* Required action:
Please copy out every line in the entries that includes the word "rule".

* Dataset content:
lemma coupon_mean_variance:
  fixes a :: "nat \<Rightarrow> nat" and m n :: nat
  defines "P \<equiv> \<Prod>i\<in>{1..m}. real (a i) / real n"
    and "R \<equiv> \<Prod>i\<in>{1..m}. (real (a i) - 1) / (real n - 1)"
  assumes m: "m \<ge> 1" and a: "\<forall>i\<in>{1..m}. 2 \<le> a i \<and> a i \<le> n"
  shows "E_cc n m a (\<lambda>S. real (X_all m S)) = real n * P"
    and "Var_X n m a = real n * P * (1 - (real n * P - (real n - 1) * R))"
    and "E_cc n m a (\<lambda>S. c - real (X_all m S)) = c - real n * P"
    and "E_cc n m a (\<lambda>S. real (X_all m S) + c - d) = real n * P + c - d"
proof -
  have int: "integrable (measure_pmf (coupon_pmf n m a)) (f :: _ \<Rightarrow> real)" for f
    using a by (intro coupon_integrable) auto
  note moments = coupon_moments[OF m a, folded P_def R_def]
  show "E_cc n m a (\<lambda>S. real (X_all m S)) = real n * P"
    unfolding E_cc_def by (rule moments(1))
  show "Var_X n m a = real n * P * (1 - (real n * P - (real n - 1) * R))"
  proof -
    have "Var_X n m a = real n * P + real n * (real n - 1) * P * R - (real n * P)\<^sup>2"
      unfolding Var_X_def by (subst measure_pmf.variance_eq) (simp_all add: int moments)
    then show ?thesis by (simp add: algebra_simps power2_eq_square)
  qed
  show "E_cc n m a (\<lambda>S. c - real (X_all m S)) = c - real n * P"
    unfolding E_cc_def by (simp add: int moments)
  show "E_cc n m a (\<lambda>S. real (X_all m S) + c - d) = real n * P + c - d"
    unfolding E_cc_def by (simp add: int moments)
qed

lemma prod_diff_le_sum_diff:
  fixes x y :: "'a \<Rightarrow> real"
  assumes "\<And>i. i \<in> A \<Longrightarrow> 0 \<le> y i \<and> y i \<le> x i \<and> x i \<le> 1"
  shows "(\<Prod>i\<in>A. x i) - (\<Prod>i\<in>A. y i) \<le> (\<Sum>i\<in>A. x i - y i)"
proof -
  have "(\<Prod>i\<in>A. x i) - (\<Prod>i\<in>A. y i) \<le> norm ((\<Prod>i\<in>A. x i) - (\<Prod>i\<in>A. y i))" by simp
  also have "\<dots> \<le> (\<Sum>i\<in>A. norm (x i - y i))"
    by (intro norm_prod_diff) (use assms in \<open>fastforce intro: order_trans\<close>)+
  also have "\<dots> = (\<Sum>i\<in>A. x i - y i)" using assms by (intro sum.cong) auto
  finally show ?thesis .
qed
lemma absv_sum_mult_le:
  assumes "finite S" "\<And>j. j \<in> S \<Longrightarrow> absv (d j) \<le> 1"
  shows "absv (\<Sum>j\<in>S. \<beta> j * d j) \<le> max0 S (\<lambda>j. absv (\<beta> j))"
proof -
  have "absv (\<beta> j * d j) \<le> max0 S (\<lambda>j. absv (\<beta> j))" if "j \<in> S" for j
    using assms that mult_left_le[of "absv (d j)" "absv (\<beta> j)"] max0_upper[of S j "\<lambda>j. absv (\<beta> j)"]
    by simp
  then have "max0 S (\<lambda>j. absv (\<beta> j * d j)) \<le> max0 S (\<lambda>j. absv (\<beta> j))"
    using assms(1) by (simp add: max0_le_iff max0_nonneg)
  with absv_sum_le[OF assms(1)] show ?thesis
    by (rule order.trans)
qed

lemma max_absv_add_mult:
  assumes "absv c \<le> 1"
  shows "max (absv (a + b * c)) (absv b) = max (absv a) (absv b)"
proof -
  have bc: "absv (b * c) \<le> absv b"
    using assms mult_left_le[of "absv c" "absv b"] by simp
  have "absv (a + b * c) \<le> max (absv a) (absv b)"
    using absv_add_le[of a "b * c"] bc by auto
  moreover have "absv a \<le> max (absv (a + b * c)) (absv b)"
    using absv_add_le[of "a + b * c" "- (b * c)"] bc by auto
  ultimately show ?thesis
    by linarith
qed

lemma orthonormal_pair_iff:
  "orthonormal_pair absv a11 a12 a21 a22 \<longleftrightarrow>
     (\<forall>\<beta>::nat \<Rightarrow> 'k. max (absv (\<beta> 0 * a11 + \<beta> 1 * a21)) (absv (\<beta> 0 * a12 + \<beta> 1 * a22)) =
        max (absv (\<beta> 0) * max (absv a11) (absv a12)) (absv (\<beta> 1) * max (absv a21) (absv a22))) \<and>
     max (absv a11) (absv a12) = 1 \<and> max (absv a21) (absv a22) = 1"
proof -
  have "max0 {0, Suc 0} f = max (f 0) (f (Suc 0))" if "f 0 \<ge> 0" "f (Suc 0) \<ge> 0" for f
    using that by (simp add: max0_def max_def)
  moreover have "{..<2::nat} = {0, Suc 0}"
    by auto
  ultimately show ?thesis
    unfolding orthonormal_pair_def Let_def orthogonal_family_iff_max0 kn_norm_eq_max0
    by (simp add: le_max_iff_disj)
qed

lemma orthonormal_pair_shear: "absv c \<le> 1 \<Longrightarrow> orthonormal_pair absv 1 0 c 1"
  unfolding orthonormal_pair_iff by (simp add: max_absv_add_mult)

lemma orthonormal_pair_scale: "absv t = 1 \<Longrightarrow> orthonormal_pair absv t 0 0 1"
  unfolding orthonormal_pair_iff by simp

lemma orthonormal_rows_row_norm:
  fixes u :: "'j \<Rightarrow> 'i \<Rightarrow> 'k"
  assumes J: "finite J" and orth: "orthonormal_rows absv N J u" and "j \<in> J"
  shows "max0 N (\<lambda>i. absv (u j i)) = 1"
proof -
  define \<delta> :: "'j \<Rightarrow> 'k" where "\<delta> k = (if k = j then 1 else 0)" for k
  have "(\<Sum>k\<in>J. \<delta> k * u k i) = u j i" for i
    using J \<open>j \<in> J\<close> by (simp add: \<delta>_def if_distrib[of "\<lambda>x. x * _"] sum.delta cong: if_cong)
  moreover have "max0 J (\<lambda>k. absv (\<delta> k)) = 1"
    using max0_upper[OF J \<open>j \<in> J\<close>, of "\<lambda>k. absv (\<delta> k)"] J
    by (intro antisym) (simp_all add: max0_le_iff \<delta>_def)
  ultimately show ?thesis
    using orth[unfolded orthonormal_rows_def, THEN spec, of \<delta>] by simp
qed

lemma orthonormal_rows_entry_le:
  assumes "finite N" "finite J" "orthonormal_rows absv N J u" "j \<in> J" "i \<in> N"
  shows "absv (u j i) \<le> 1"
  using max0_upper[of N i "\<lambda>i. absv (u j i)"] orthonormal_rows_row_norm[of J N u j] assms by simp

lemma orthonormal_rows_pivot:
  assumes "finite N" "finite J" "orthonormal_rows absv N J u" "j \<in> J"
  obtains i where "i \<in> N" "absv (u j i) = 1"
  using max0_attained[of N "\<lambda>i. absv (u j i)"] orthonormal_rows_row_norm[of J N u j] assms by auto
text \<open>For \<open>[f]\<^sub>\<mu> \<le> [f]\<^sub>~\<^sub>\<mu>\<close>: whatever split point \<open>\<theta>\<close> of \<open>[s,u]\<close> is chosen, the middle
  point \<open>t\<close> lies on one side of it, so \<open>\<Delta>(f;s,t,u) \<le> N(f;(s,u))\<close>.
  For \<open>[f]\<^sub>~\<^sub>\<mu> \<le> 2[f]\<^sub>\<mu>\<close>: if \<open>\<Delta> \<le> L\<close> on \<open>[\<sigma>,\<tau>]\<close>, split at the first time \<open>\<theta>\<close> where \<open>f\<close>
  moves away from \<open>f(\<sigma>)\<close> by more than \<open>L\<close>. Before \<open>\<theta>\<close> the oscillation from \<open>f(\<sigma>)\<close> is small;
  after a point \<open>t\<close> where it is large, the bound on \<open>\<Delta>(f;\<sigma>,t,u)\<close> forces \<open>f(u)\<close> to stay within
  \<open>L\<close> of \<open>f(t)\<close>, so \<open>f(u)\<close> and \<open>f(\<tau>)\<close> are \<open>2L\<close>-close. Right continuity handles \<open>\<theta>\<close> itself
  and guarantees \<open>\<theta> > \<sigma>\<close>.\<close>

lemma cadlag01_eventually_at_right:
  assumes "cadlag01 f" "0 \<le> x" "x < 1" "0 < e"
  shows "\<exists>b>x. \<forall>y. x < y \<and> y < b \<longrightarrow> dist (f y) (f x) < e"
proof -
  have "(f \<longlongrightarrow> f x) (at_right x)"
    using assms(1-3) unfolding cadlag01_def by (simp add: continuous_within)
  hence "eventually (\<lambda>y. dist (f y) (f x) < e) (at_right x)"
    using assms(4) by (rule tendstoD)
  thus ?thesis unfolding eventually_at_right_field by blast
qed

* Expected output:
    unfolding E_cc_def by (rule moments(1))
    by (rule order.trans)
    using assms(4) by (rule tendstoD)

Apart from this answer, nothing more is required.